No Movement on Servicing Fees

Top officials at Fannie Mae and Freddie Mac have expressed their willingness to some industry leaders that they would like to slash the minimum servicing fee but for now it appears that no action is imminent.

Mortgage banking executives, speaking under the condition their names not be used, said the two GSEs understand the rationale for cutting the fee to 12.5 basis points (from 25 basis points) but both are so overwhelmed with fixing their accounting problems while focusing on pending GSE regulatory legislation that a change will not come until their woes are behind them.

"There's no momentum right now from the GSEs," said one veteran mortgage executive.

Meanwhile, the Mortgage Bankers Association has released a new report that says seller/servicers that favor slashing the minimum servicing fee will look to "alternative" measures to help manage their housing receivables if the two GSEs don't make a change.

The report discusses the pros and cons of slashing the fee but MBA notes that among its members there "has been little discussion" about a compromise over the issue.

The trade group's members have varying opinions on whether to cut the minimum. "The debate we have heard has been about two options - a reduction in the fee minimum to 12.5 basis points or maintenance of the 25 basis points status quo - and there has been little discussion of whether any level in between the two would be the right level," MBA says in its report.

The trade group notes that its members' opinions "range in intensity" and that a "substantial minority of companies "have no position at this time."

Among the nation's largest seller/servicers, the bank-owned Wells Fargo Home Mortgage is adamantly opposed to cutting the fee, while Countrywide Home Loans and Washington Mutual favor it.

In February, MBA held a private, members-only forum, on whether the GSEs should cut the minimum servicing fee.

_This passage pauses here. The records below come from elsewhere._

lemma finite_floor_divide_image:
  fixes A :: "real set"
  assumes "bounded A"
  shows "finite ((\<lambda>x. \<lfloor>x / \<eta>\<rfloor>) ` A)"
proof -
  obtain R where R: "\<And>x. x \<in> A \<Longrightarrow> \<bar>x\<bar> \<le> R"
    using assms by (auto simp: bounded_iff)
  have "(\<lambda>x. \<lfloor>x / \<eta>\<rfloor>) ` A \<subseteq> {- \<lceil>R / \<bar>\<eta>\<bar>\<rceil> .. \<lceil>R / \<bar>\<eta>\<bar>\<rceil>}"
  proof (clarsimp)
    fix x assume "x \<in> A"
    then have "\<bar>x / \<eta>\<bar> \<le> R / \<bar>\<eta>\<bar>"
      using R by (simp add: abs_divide divide_right_mono)
    then show "- \<lceil>R / \<bar>\<eta>\<bar>\<rceil> \<le> \<lfloor>x / \<eta>\<rfloor> \<and> \<lfloor>x / \<eta>\<rfloor> \<le> \<lceil>R / \<bar>\<eta>\<bar>\<rceil>"
      by linarith
  qed
  then show ?thesis
    using finite_subset by blast
qed

lemma uniformly_continuous_on_grid_cells:
  fixes f :: "real \<Rightarrow> real"
  assumes "bounded A" "uniformly_continuous_on A f" "0 < \<delta>"
  obtains cell :: "real \<Rightarrow> int"
  where "finite (cell ` A)"
    and "\<And>x y. cell x < cell y \<Longrightarrow> x < y"
    and "\<And>x y. x \<in> A \<Longrightarrow> y \<in> A \<Longrightarrow> cell x = cell y \<Longrightarrow> \<bar>f y - f x\<bar> < \<delta>"
proof -
  obtain \<eta> where "\<eta> > 0"
    and uc: "\<And>x y. x \<in> A \<Longrightarrow> y \<in> A \<Longrightarrow> dist y x < \<eta> \<Longrightarrow> dist (f y) (f x) < \<delta>"
    using assms(2,3) unfolding uniformly_continuous_on_def by metis
  define cell where "cell x = \<lfloor>x / \<eta>\<rfloor>" for x
  have "\<bar>f y - f x\<bar> < \<delta>" if "x \<in> A" "y \<in> A" "cell x = cell y" for x y
  proof -
    have "\<bar>y / \<eta> - x / \<eta>\<bar> < 1"
      using floor_eq_imp_diff_1 that(3) by (metis cell_def)
    then have "dist y x < \<eta>"
      using \<open>\<eta> > 0\<close> by (simp add: dist_real_def diff_divide_distrib[symmetric])
    then show ?thesis
      using uc that by (simp add: dist_real_def)
  qed
  moreover have "x < y" if "cell x < cell y" for x y
    using floor_less_cancel[OF that[unfolded cell_def]] \<open>\<eta> > 0\<close> by (simp add: divide_less_cancel)
  moreover have "finite (cell ` A)"
    using finite_floor_divide_image[OF assms(1)] by (simp add: cell_def)
  ultimately show thesis
    using that by blast
qed
lemma DERIV_sqrt_autonomous:
  assumes S: "(S has_real_derivative c * sqrt (G (S w))) (at w)"
    and G: "(G has_real_derivative g) (at (S w))"
    and pos: "G (S w) > 0" and c: "c\<^sup>2 = 1"
  shows "((\<lambda>w. c * sqrt (G (S w))) has_real_derivative g / 2) (at w)"
proof -
  have "((\<lambda>w. G (S w)) has_real_derivative g * (c * sqrt (G (S w)))) (at w)"
    using DERIV_chain2[OF G S] .
  then have "((\<lambda>w. c * sqrt (G (S w))) has_real_derivative
      c * (inverse (sqrt (G (S w))) / 2 * (g * (c * sqrt (G (S w)))))) (at w)"
    by (intro DERIV_cmult
        DERIV_chain2[where f = sqrt and g = "\<lambda>w. G (S w)", OF DERIV_real_sqrt[OF pos]])
  moreover have "c * (c * g) = g" using c by (simp add: power2_eq_square flip: mult.assoc)
  ultimately show ?thesis using pos by (simp add: field_simps)
qed

lemma DERIV_comp_divide_Icc:
  fixes a P z :: real
  assumes a: "a > 0" and f: "(f has_real_derivative f') (at (z / a) within {0..P})"
  shows "((\<lambda>z. f (z / a)) has_real_derivative f' / a) (at z within {0..a * P})"
proof -
  have "(f \<circ> (\<lambda>z. z / a) has_real_derivative f' * (1 / a)) (at z within {0..a * P})"
    by (rule DERIV_image_chain) (use a f in \<open>auto intro!: derivative_eq_intros\<close>)
  then show ?thesis by (simp add: o_def)
qed

lemma integrable_inverse_sqrt_arcsine: "(\<lambda>y::real. 1 / sqrt (y * (1 - y))) integrable_on {0..1}"
proof -
  have "((\<lambda>y::real. 1 / sqrt (y * (1 - y)))
      has_integral (arcsin (2*1 - 1) - arcsin (2*0 - 1))) {0..1}"
  proof (rule fundamental_theorem_of_calculus_interior)
    fix y :: real assume y: "y \<in> {0<..<1}"
    have "1 - (2*y - 1)^2 = 4 * (y * (1 - y))" by (simp add: algebra_simps power2_eq_square)
    then have "sqrt (1 - (2*y - 1)^2) = 2 * sqrt (y * (1 - y))" by (simp add: real_sqrt_mult)
    moreover have "((\<lambda>y. arcsin (2*y - 1))
        has_real_derivative inverse (sqrt (1 - (2*y - 1)^2)) * 2) (at y)"
      using y by (auto intro!: derivative_eq_intros DERIV_arcsin[THEN DERIV_chain2])
    ultimately show "((\<lambda>y. arcsin (2*y - 1)) has_vector_derivative 1 / sqrt (y * (1 - y))) (at y)"
      by (simp add: has_real_derivative_iff_has_vector_derivative field_simps)
  qed (auto intro!: continuous_intros)
  then show ?thesis by blast
qed
(* Let $h:\mathbb{R}\to\mathbb{R}$ be a smooth function that is flat at $0$ and positive everywhere else, such that $\xi=h\,\partial/\partial x$ is complete, and let $\psi$ be the time-one flow of $\xi$. Let $\mathbb{R}/{\sim}$ be the orbit space of the $\mathbb{Z}$-action on $\mathbb{R}$ generated by $\psi$, with the quotient diffeology. Then $\mathbb{R}/{\sim}$ is not a diffeological quasifold.
   Context: Diffeology: plots, smooth maps, D-topology, subset and quotient diffeologies are standard. A diffeological $n$-quasifold is a diffeological space, second countable in its D-topology, such that each point has a D-open neighbourhood $U$ diffeomorphic (with its subset diffeology) to $\mathsf V/\Gamma$ (quotient diffeology), where $\Gamma$ is a countable subgroup of the affine group $\mathrm{Aff}(\mathbb{R}^n)$ and $\mathsf V\subseteq\mathbb{R}^n$ is open and $\Gamma$-invariant. A diffeological quasifold is a diffeological $n$-quasifold for some $n$. *)

theory Defs
  imports "HOL-Analysis.Analysis"
begin

text \<open>Points of R^n are functions x :: nat => real with x i = 0 for i >= n.
  This explicit carrier lets the dimension n vary inside definitions
  (a diffeology quantifies over all n).\<close>

definition Rn :: "nat \<Rightarrow> (nat \<Rightarrow> real) set" where
  "Rn n = {x. \<forall>i\<ge>n. x i = 0}"

definition dist_Rn :: "nat \<Rightarrow> (nat \<Rightarrow> real) \<Rightarrow> (nat \<Rightarrow> real) \<Rightarrow> real" where
  "dist_Rn n x y = sqrt (\<Sum>i<n. (x i - y i)^2)"

definition open_Rn :: "nat \<Rightarrow> (nat \<Rightarrow> real) set \<Rightarrow> bool" where
  "open_Rn n U \<longleftrightarrow> U \<subseteq> Rn n \<and>
     (\<forall>x\<in>U. \<exists>e>0. \<forall>y\<in>Rn n. dist_Rn n x y < e \<longrightarrow> y \<in> U)"

definition has_partial ::
  "nat \<Rightarrow> (nat \<Rightarrow> real) set \<Rightarrow> ((nat \<Rightarrow> real) \<Rightarrow> real) \<Rightarrow> nat \<Rightarrow> (nat \<Rightarrow> real) \<Rightarrow> real \<Rightarrow> bool" where
  "has_partial n U g i x D \<longleftrightarrow>
     ((\<lambda>t. g (x(i := x i + t))) has_real_derivative D) (at 0 within {t. x(i := x i + t) \<in> U})"

definition partial ::
  "nat \<Rightarrow> (nat \<Rightarrow> real) set \<Rightarrow> ((nat \<Rightarrow> real) \<Rightarrow> real) \<Rightarrow> nat \<Rightarrow> (nat \<Rightarrow> real) \<Rightarrow> real" where
  "partial n U g i x = (THE D. has_partial n U g i x D)"

definition cont_Rn :: "nat \<Rightarrow> (nat \<Rightarrow> real) set \<Rightarrow> ((nat \<Rightarrow> real) \<Rightarrow> real) \<Rightarrow> bool" where
  "cont_Rn n U g \<longleftrightarrow>
     (\<forall>x\<in>U. \<forall>e>0. \<exists>d>0. \<forall>y\<in>U. dist_Rn n x y < d \<longrightarrow> \<bar>g y - g x\<bar> < e)"

fun Ck :: "nat \<Rightarrow> nat \<Rightarrow> (nat \<Rightarrow> real) set \<Rightarrow> ((nat \<Rightarrow> real) \<Rightarrow> real) \<Rightarrow> bool" where
  "Ck n 0 U g \<longleftrightarrow> cont_Rn n U g"
| "Ck n (Suc k) U g \<longleftrightarrow> cont_Rn n U g \<and>
     (\<forall>i<n. \<forall>x\<in>U. \<exists>D. has_partial n U g i x D) \<and>
     (\<forall>i<n. Ck n k U (partial n U g i))"

definition smooth_scalar :: "nat \<Rightarrow> (nat \<Rightarrow> real) set \<Rightarrow> ((nat \<Rightarrow> real) \<Rightarrow> real) \<Rightarrow> bool" where
  "smooth_scalar n U g \<longleftrightarrow> (\<forall>k. Ck n k U g)"

definition smooth_Rn ::
  "nat \<Rightarrow> nat \<Rightarrow> (nat \<Rightarrow> real) set \<Rightarrow> ((nat \<Rightarrow> real) \<Rightarrow> (nat \<Rightarrow> real)) \<Rightarrow> bool" where
  "smooth_Rn n m U f \<longleftrightarrow> f ` U \<subseteq> Rn m \<and> (\<forall>j<m. smooth_scalar n U (\<lambda>x. f x j))"

text \<open>A parametrization is given by its dimension n, its (open) domain U in R^n
  and the map itself; dplots S n U p says that p restricted to U is a plot.\<close>
record 'a dspace =
  dcarrier :: "'a set"
  dplots :: "nat \<Rightarrow> (nat \<Rightarrow> real) set \<Rightarrow> ((nat \<Rightarrow> real) \<Rightarrow> 'a) \<Rightarrow> bool"

definition diffeology :: "'a dspace \<Rightarrow> bool" where
  "diffeology S \<longleftrightarrow>
     (\<forall>n U p. dplots S n U p \<longrightarrow> open_Rn n U \<and> p ` U \<subseteq> dcarrier S)
   \<and> (\<forall>n U p q. dplots S n U p \<and> (\<forall>r\<in>U. p r = q r) \<longrightarrow> dplots S n U q)
   \<and> (\<forall>n U x. open_Rn n U \<and> x \<in> dcarrier S \<longrightarrow> dplots S n U (\<lambda>_. x))
   \<and> (\<forall>n U p. open_Rn n U \<and> p ` U \<subseteq> dcarrier S \<and>
        (\<forall>r\<in>U. \<exists>W. open_Rn n W \<and> r \<in> W \<and> W \<subseteq> U \<and> dplots S n W p)
        \<longrightarrow> dplots S n U p)
   \<and> (\<forall>n U p m V F. dplots S n U p \<and> open_Rn m V \<and> smooth_Rn m n V F \<and> F ` V \<subseteq> U
        \<longrightarrow> dplots S m V (p \<circ> F))"

definition dsmooth :: "'a dspace \<Rightarrow> 'b dspace \<Rightarrow> ('a \<Rightarrow> 'b) \<Rightarrow> bool" where
  "dsmooth S T F \<longleftrightarrow> F ` dcarrier S \<subseteq> dcarrier T \<and>
     (\<forall>n U p. dplots S n U p \<longrightarrow> dplots T n U (F \<circ> p))"

definition diffeomorphic :: "'a dspace \<Rightarrow> 'b dspace \<Rightarrow> bool" where
  "diffeomorphic S T \<longleftrightarrow> (\<exists>F G. dsmooth S T F \<and> dsmooth T S G \<and>
     (\<forall>x\<in>dcarrier S. G (F x) = x) \<and> (\<forall>y\<in>dcarrier T. F (G y) = y))"

definition D_open :: "'a dspace \<Rightarrow> 'a set \<Rightarrow> bool" where
  "D_open S A \<longleftrightarrow> A \<subseteq> dcarrier S \<and>
     (\<forall>n U p. dplots S n U p \<longrightarrow> open_Rn n {r\<in>U. p r \<in> A})"

definition D_second_countable :: "'a dspace \<Rightarrow> bool" where
  "D_second_countable S \<longleftrightarrow> (\<exists>B. countable B \<and> (\<forall>b\<in>B. D_open S b) \<and>
     (\<forall>A. D_open S A \<longrightarrow> (\<exists>B'\<subseteq>B. A = \<Union>B')))"

definition subspace :: "'a dspace \<Rightarrow> 'a set \<Rightarrow> 'a dspace" where
  "subspace S A = \<lparr>dcarrier = A, dplots = (\<lambda>n U p. dplots S n U p \<and> p ` U \<subseteq> A)\<rparr>"

definition quotient_space :: "'a dspace \<Rightarrow> ('a \<Rightarrow> 'b) \<Rightarrow> 'b dspace" where
  "quotient_space S proj = \<lparr>dcarrier = proj ` dcarrier S,
     dplots = (\<lambda>n U P. open_Rn n U \<and>
        (\<forall>r\<in>U. \<exists>W. open_Rn n W \<and> r \<in> W \<and> W \<subseteq> U \<and>
            (\<exists>q. dplots S n W q \<and> (\<forall>s\<in>W. P s = proj (q s)))))\<rparr>"

definition real_space :: "real dspace" where
  "real_space = \<lparr>dcarrier = UNIV, dplots = (\<lambda>m U p. open_Rn m U \<and> smooth_scalar m U p)\<rparr>"

definition open_subset_space :: "nat \<Rightarrow> (nat \<Rightarrow> real) set \<Rightarrow> (nat \<Rightarrow> real) dspace" where
  "open_subset_space n V = \<lparr>dcarrier = V,
     dplots = (\<lambda>m U p. open_Rn m U \<and> smooth_Rn m n U p \<and> p ` U \<subseteq> V)\<rparr>"

definition aff_map :: "nat \<Rightarrow> (nat \<Rightarrow> nat \<Rightarrow> real) \<Rightarrow> (nat \<Rightarrow> real) \<Rightarrow> (nat \<Rightarrow> real) \<Rightarrow> (nat \<Rightarrow> real)" where
  "aff_map n A b x = (\<lambda>i. if i < n then (\<Sum>j<n. A i j * x j) + b i else 0)"

definition Aff :: "nat \<Rightarrow> ((nat \<Rightarrow> real) \<Rightarrow> (nat \<Rightarrow> real)) set" where
  "Aff n = {g. (\<exists>A b. g = aff_map n A b) \<and> bij_betw g (Rn n) (Rn n)}"

definition aff_id :: "nat \<Rightarrow> (nat \<Rightarrow> real) \<Rightarrow> (nat \<Rightarrow> real)" where
  "aff_id n = aff_map n (\<lambda>i j. if i = j then 1 else 0) (\<lambda>_. 0)"

definition subgroup_Aff :: "nat \<Rightarrow> ((nat \<Rightarrow> real) \<Rightarrow> (nat \<Rightarrow> real)) set \<Rightarrow> bool" where
  "subgroup_Aff n \<Gamma> \<longleftrightarrow> \<Gamma> \<subseteq> Aff n \<and> aff_id n \<in> \<Gamma> \<and>
     (\<forall>g\<in>\<Gamma>. \<forall>h\<in>\<Gamma>. g \<circ> h \<in> \<Gamma>) \<and>
     (\<forall>g\<in>\<Gamma>. \<exists>h\<in>\<Gamma>. h \<circ> g = aff_id n \<and> g \<circ> h = aff_id n)"

definition orbit_of :: "('x \<Rightarrow> 'x) set \<Rightarrow> 'x \<Rightarrow> 'x set" where
  "orbit_of \<Gamma> x = (\<lambda>g. g x) ` \<Gamma>"

definition orbit_space :: "nat \<Rightarrow> (nat \<Rightarrow> real) set \<Rightarrow> ((nat \<Rightarrow> real) \<Rightarrow> (nat \<Rightarrow> real)) set
    \<Rightarrow> (nat \<Rightarrow> real) set dspace" where
  "orbit_space n V \<Gamma> = quotient_space (open_subset_space n V) (orbit_of \<Gamma>)"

It has asked attendees of that meeting not to discuss it with members of the media.

Seller/servicers that favor a cut say they would save millions of dollars a year in hedging costs if more of the servicing "strip" were allowed to be sold into the secondary market.

Those who want to maintain the status quo have cited expensive servicing technology maintenance costs that need to be recouped, loan buy-back concerns and compliance costs, among other reasons.

In its report, MBA notes, "There is more determination on the part of the advocates for change that the large MSRs they are carrying are not sustainable and that they will look to alternative measures, including execution through non-TBA eligible MBS, in order to reduce the MSR levels while otherwise maintaining their business strategies."

The report also says "the preponderance of opinion" is that if the fee is cut it could lead to further industry consolidation. Some proponents of a cut have argued the opposite - that if the minimum is cut more firms might get involved in servicing.